A test was given and the following grades were received: the number of students receiving each grade is given in parentheses.

99(1), 98(2), 96(4), 92(7), 90(5), 88(13), 86(11), 83(7), 80(5), 78(4), 75(3), 60(1)

The data, as presented, is arranged in descending order and is referred to as an ordered array. But, as given, it is difficult to determine any trend or other information from the data. However, if the data is tabled and/or plotted some additional information may be obtained. When the data is ordered as shown, a frequency distribution can be seen that was not apparent in the previous list of grades.

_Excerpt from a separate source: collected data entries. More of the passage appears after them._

lemma stirling_majorant_integral_bigo:
  fixes v :: complex
  assumes c: "0 < c" and \<delta>: "0 < \<delta>"
  shows "(\<lambda>N. integral\<^sup>L lebesgue (stirling_majorant v R C c \<delta> N)) \<in> O(\<lambda>N. 1 / (N ^ R * sqrt N))"
proof -
  define M where "M p = integral\<^sup>L lebesgue (\<lambda>s::real. exp (- s\<^sup>2 / 2) * \<bar>s\<bar> ^ p)" for p
  define a where "a k m = norm (fps_nth (stirling_fps v k) m) / fact k" for k m
  have "(\<lambda>N. \<Sum>j\<le>2*R. N ^ j * gauss_moment (N / 2) (2 * j + 2 * R)) \<in> O(\<lambda>N. 1 / (N ^ R * sqrt N))"
    by (intro big_sum_in_bigo gauss_moment_power_bigo)
  moreover have "(\<lambda>N. exp (- (N - (\<bar>Re v\<bar> + 1)) * c) * integral\<^sup>L lebesgue (\<lambda>s. norm (stirling_integrand v (\<bar>Re v\<bar> + 1) s)))
      \<in> O(\<lambda>N. 1 / (N ^ R * sqrt N))"
    using exp_decay_bigo[OF c, of "\<bar>Re v\<bar> + 1" 0 R] by simp
  moreover have "\<delta>\<^sup>2 / 2 > 0" using \<delta> by simp
  note decay = exp_decay_bigo[OF this, of 1 _ R]
  have "(\<lambda>N. \<Sum>k<2*R. \<Sum>m<2*R. a k m * M (2 * k + m) * (exp (- (N - 1) * (\<delta>\<^sup>2 / 2)) * N ^ k))
      \<in> O(\<lambda>N. 1 / (N ^ R * sqrt N))"
    by (intro big_sum_in_bigo) (simp only: cmult_in_bigo_iff decay simp_thms)
  then have "(\<lambda>N. exp (- (N - 1) * \<delta>\<^sup>2 / 2) * (\<Sum>k<2*R. \<Sum>m<2*R. a k m * N ^ k * M (2 * k + m)))
      \<in> O(\<lambda>N. 1 / (N ^ R * sqrt N))"
    by (simp add: sum_distrib_left mult_ac)
  ultimately have "(\<lambda>N. C * (\<Sum>j\<le>2*R. N ^ j * gauss_moment (N / 2) (2 * j + 2 * R))
      + exp (- (N - (\<bar>Re v\<bar> + 1)) * c) * integral\<^sup>L lebesgue (\<lambda>s. norm (stirling_integrand v (\<bar>Re v\<bar> + 1) s))
      + exp (- (N - 1) * \<delta>\<^sup>2 / 2) * (\<Sum>k<2*R. \<Sum>m<2*R. a k m * N ^ k * M (2 * k + m)))
    \<in> O(\<lambda>N. 1 / (N ^ R * sqrt N))"
    by (intro sum_in_bigo) simp_all
  moreover have "\<forall>\<^sub>F N in at_top. integral\<^sup>L lebesgue (stirling_majorant v R C c \<delta> N) =
      C * (\<Sum>j\<le>2*R. N ^ j * gauss_moment (N / 2) (2 * j + 2 * R))
      + exp (- (N - (\<bar>Re v\<bar> + 1)) * c) * integral\<^sup>L lebesgue (\<lambda>s. norm (stirling_integrand v (\<bar>Re v\<bar> + 1) s))
      + exp (- (N - 1) * \<delta>\<^sup>2 / 2) * (\<Sum>k<2*R. \<Sum>m<2*R. a k m * N ^ k * M (2 * k + m))"
    using eventually_gt_at_top[of 0]
    by eventually_elim (simp add: a_def M_def has_bochner_integral_integral_eq[OF has_bochner_integral_stirling_majorant])
  ultimately show ?thesis by (subst landau_o.big.in_cong)
qed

In summary, one method of obtaining additional information from a set of data is to determine the frequency distribution of the data. The frequency distribution of any one data point is the number of times that value occurs in a set of data. As will be shown later in this chapter, this will help simplify the calculation of other statistically useful numbers from a given set of data.

The Mean

One of the most common uses of statistics is the determination of the mean value of a set of measurements. The term "Mean" is the statistical word used to state the "average" value of a set of data. The mean is mathematically determined in the same way as the "average" of a group of numbers is determined.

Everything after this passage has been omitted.